We can draw several conclusions from the results:

Clusters: The first clustering method produces 3 clusters, while the second one produces 6 clusters, as we specified in the k-means algorithm. A higher number of clusters can result in a higher resolution of the data but may lead to over-segmentation, which seems to be the case here.
Minimum cluster size: The first method has a minimum cluster size of 72, while the second method has a minimum cluster size of 34. The second method identifies smaller clusters in the data. Mini-clusters can be both advantageous and disadvantageous, but in this context, it seems to be a disadvantage.
Cluster diameters: The second method identifies more compact clusters with a diameter of 1929.5, compared to 1293.6 in the first method. This seems to favor the second method, i.e., 6 clusters.
Average silhouette: The average silhouette value for the first method is 0.71, which is better than the value of 0.52 for the second method. This indicates that the first method assigns objects to clusters more effectively, making it better in this regard.
Dunn indices: The values are 0.004 and 0.002 for the first and second methods, respectively. The Dunn index is used as a metric to evaluate the quality of clustering. Values close to zero indicate poor clustering quality. Both methods seem to poorly group the objects, but the first method performs slightly better.

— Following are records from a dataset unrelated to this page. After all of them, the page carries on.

lemma zclosed_toric_zero_locus:
  fixes f :: "int ^ 'n::finite \<Rightarrow> 'k::field"
  assumes fin: "finite (poly_support f)"
    and cover: "\<forall>\<sigma>\<in>\<Sigma>. \<exists>m\<in>poly_support f. \<sigma> \<subseteq> newton_cone (poly_support f) m"
  shows "zclosed \<Sigma> (toric_zero_locus \<Sigma> f)"
  unfolding zclosed_def
proof (intro conjI ballI)
  show "toric_zero_locus \<Sigma> f \<subseteq> tpoints \<Sigma>"
    by (auto simp: toric_zero_locus_def)
  fix \<sigma> assume "\<sigma> \<in> \<Sigma>"
  then obtain m where m: "m \<in> poly_support f" "\<sigma> \<subseteq> newton_cone (poly_support f) m"
    using cover by blast
  have "q \<in> toric_zero_locus \<Sigma> f \<longleftrightarrow> eval_poly (shift_poly m f) q = 0" if "q \<in> chart \<Sigma> \<sigma>" for q
  proof -
    have q: "q \<in> tpoints \<Sigma>" "fst q \<subseteq> newton_cone (poly_support f) m"
      using that m(2) face_of_imp_subset by (auto simp: chart_def)
    have "eval_poly (shift_poly m' f) q = 0"
      if "m' \<in> poly_support f" "fst q \<subseteq> newton_cone (poly_support f) m'"
        and "eval_poly (shift_poly m f) q = 0" for m'
      using that eval_shift_poly_change[OF q(1) newton_cone_perp_lat[OF that(1) m(1) that(2) q(2)]]
      by simp
    then show ?thesis
      using q m(1) by (auto simp: toric_zero_locus_def)
  qed
  then have "toric_zero_locus \<Sigma> f \<inter> chart \<Sigma> \<sigma>
      = {q \<in> chart \<Sigma> \<sigma>. \<forall>g\<in>{shift_poly m f}. eval_poly g q = 0}"
    by auto
  moreover have "chart_poly \<sigma> (shift_poly m f)"
    using chart_poly_shift_poly[OF fin m(2)] .
  ultimately show "\<exists>F. (\<forall>g\<in>F. chart_poly \<sigma> g) \<and>
      toric_zero_locus \<Sigma> f \<inter> chart \<Sigma> \<sigma> = {q \<in> chart \<Sigma> \<sigma>. \<forall>g\<in>F. eval_poly g q = 0}"
    by blast
qed

lemma toric_zero_locus_big_torus:
  fixes f :: "int ^ 'n::finite \<Rightarrow> 'k::field"
  assumes q: "q \<in> big_torus \<Sigma>" and f: "eval_poly f q = 0"
  shows "q \<in> toric_zero_locus \<Sigma> f"
proof -
  have qt: "q \<in> tpoints \<Sigma>" and perp: "perp_lat (fst q) = UNIV"
    using q by (auto simp: big_torus_def perp_lat_def)
  have "snd q m * eval_poly (shift_poly m f) q = 0" for m
    using eval_shift_poly_change[OF qt, of m 0 f] f perp by (simp add: shift_poly_def)
  moreover have "snd q m \<noteq> 0" for m
    using tpointsD(2)[OF qt] perp by simp
  ultimately show ?thesis
    using qt by (simp add: toric_zero_locus_def)
qed

lemma orbit_dim_0_not_subset_toric_zero_locus:
  fixes f :: "int ^ 'n::finite \<Rightarrow> 'k::field"
  assumes "\<tau> \<in> \<Sigma>" "orbit_dim \<tau> = 0"
    and "finite (poly_support f)" "m \<in> poly_support f" "\<tau> \<subseteq> newton_cone (poly_support f) m"
  shows "\<not> orbit \<Sigma> \<tau> \<subseteq> toric_zero_locus \<Sigma> f"
proof
  define p :: "(real ^ 'n) set \<times> (int ^ 'n \<Rightarrow> 'k)" where "p = (\<tau>, \<lambda>u. if u = 0 then 1 else 0)"
  have "p \<in> orbit \<Sigma> \<tau>"
    using assms(1) perp_lat_orbit_dim_0[OF assms(2)] by (simp add: p_def orbit_def tpoints_def)
  moreover have "eval_poly (shift_poly m f) p = f m"
    using assms(3,4) by (simp add: eval_poly_shift_poly p_def if_distrib[of "(*) _"] cong: if_cong)
  ultimately show "orbit \<Sigma> \<tau> \<subseteq> toric_zero_locus \<Sigma> f \<Longrightarrow> False"
    using assms(4,5) by (auto simp: toric_zero_locus_def poly_support_def p_def)
qed

lemma separating_poly:
  fixes W :: "((real ^ 'n::finite) set \<times> (int ^ 'n \<Rightarrow> 'k::field)) set"
  assumes fan: "is_fan \<Sigma>" and W: "zclosed \<Sigma> W" and p: "p \<in> tpoints \<Sigma>" "p \<notin> W"
  obtains f where "finite (poly_support f)" "eval_poly f p \<noteq> 0"
    "\<forall>q\<in>W \<inter> big_torus \<Sigma>. eval_poly f q = 0"
proof -
  let ?\<rho> = "fst p"
  have "?\<rho> \<in> \<Sigma>"
    using tpointsD(1)[OF p(1)] .
  then obtain F where F: "\<forall>f\<in>F. chart_poly ?\<rho> f"
    "W \<inter> chart \<Sigma> ?\<rho> = {q \<in> chart \<Sigma> ?\<rho>. \<forall>f\<in>F. eval_poly f q = 0}"
    using W unfolding zclosed_def by blast
  have "convex ?\<rho>"
    using convex_cone_rat_cone[OF is_fanD(2)[OF fan \<open>?\<rho> \<in> \<Sigma>\<close>]] by (simp add: convex_cone_def)
  then have "p \<in> chart \<Sigma> ?\<rho>"
    using p(1) by (simp add: chart_def face_of_refl)
  then have "p \<notin> {q \<in> chart \<Sigma> ?\<rho>. \<forall>f\<in>F. eval_poly f q = 0}"
    using p(2) by (simp flip: F(2))
  then obtain f where f: "f \<in> F" "eval_poly f p \<noteq> 0"
    using \<open>p \<in> chart \<Sigma> ?\<rho>\<close> by blast
  show ?thesis
  proof
    show "finite (poly_support f)"
      using F(1) f(1) by (simp add: chart_poly_def poly_support_def)
    show "eval_poly f p \<noteq> 0"
      by (fact f(2))
    show "\<forall>q\<in>W \<inter> big_torus \<Sigma>. eval_poly f q = 0"
    proof
      fix q assume "q \<in> W \<inter> big_torus \<Sigma>"
      then have "q \<in> W \<inter> chart \<Sigma> ?\<rho>"
        using zero_face_of_fan_cone[OF fan \<open>?\<rho> \<in> \<Sigma>\<close>] by (simp add: big_torus_def chart_def)
      then show "eval_poly f q = 0"
        using f(1) unfolding F(2) by blast
    qed
  qed
qed

lemma strict_transform_subset_toric_zero_locus:
  fixes f :: "int ^ 'n::finite \<Rightarrow> 'k::field"
  assumes "finite (poly_support f)"
    and "\<forall>\<sigma>\<in>\<Sigma>'. \<exists>m\<in>poly_support f. \<sigma> \<subseteq> newton_cone (poly_support f) m"
    and "W \<subseteq> tpoints \<Sigma>" "\<forall>q\<in>W \<inter> big_torus \<Sigma>. eval_poly f q = 0"
  shows "strict_transform \<Sigma>' W \<subseteq> toric_zero_locus \<Sigma>' f"
proof -
  have "{q \<in> big_torus \<Sigma>'. q \<in> W} \<subseteq> W \<inter> big_torus \<Sigma>"
    using assms(3) by (auto simp: big_torus_def)
  then have "{q \<in> big_torus \<Sigma>'. q \<in> W} \<subseteq> toric_zero_locus \<Sigma>' f"
    using assms(4) toric_zero_locus_big_torus by blast
  then show ?thesis
    unfolding strict_transform_def zclosure_def
    using zclosed_toric_zero_locus[OF assms(1,2)] by (intro Inter_lower) simp
qed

It appears that the first method produces clusters with a higher silhouette, while the second method identifies smaller and more compact groups. However, both methods offer subpar results overall.

We will now proceed with our analysis by applying cluster.stats to the results of DBSCAN. Unlike OPTICS, DBSCAN groups points that are close in data space and within areas of density above a threshold. It may leave some points unassigned, as we observed in the previous graph. These unassigned groups are considered noise or outliers.

Unlike OPTICS, however, DBSCAN directly provides a point-to-cluster assignment. This means that we can use cluster.stats with the results of DBSCAN to obtain various clustering metrics. However, as with OPTICS, some of the metrics provided by cluster.stats may be less relevant for a density-based clustering method like DBSCAN than for k-means. Nevertheless, it can be interesting to apply it and see the results.

## Convertimos el resultado de DBSCAN a factor
clusters_dbscan <- dbscan_result$cluster
#Eliminamos los puntos de ruido que son ceros
no_noise_idx <- which(clusters_dbscan != 0)
# Conviertimos el objeto "distancias" en una matriz completa
distancias_matrix <- as.matrix(distancias)

# Aplicamos la funcion cluster.stats
dbscan_stats <- cluster.stats(distancias_matrix[no_noise_idx, no_noise_idx], clusters_dbscan[no_noise_idx])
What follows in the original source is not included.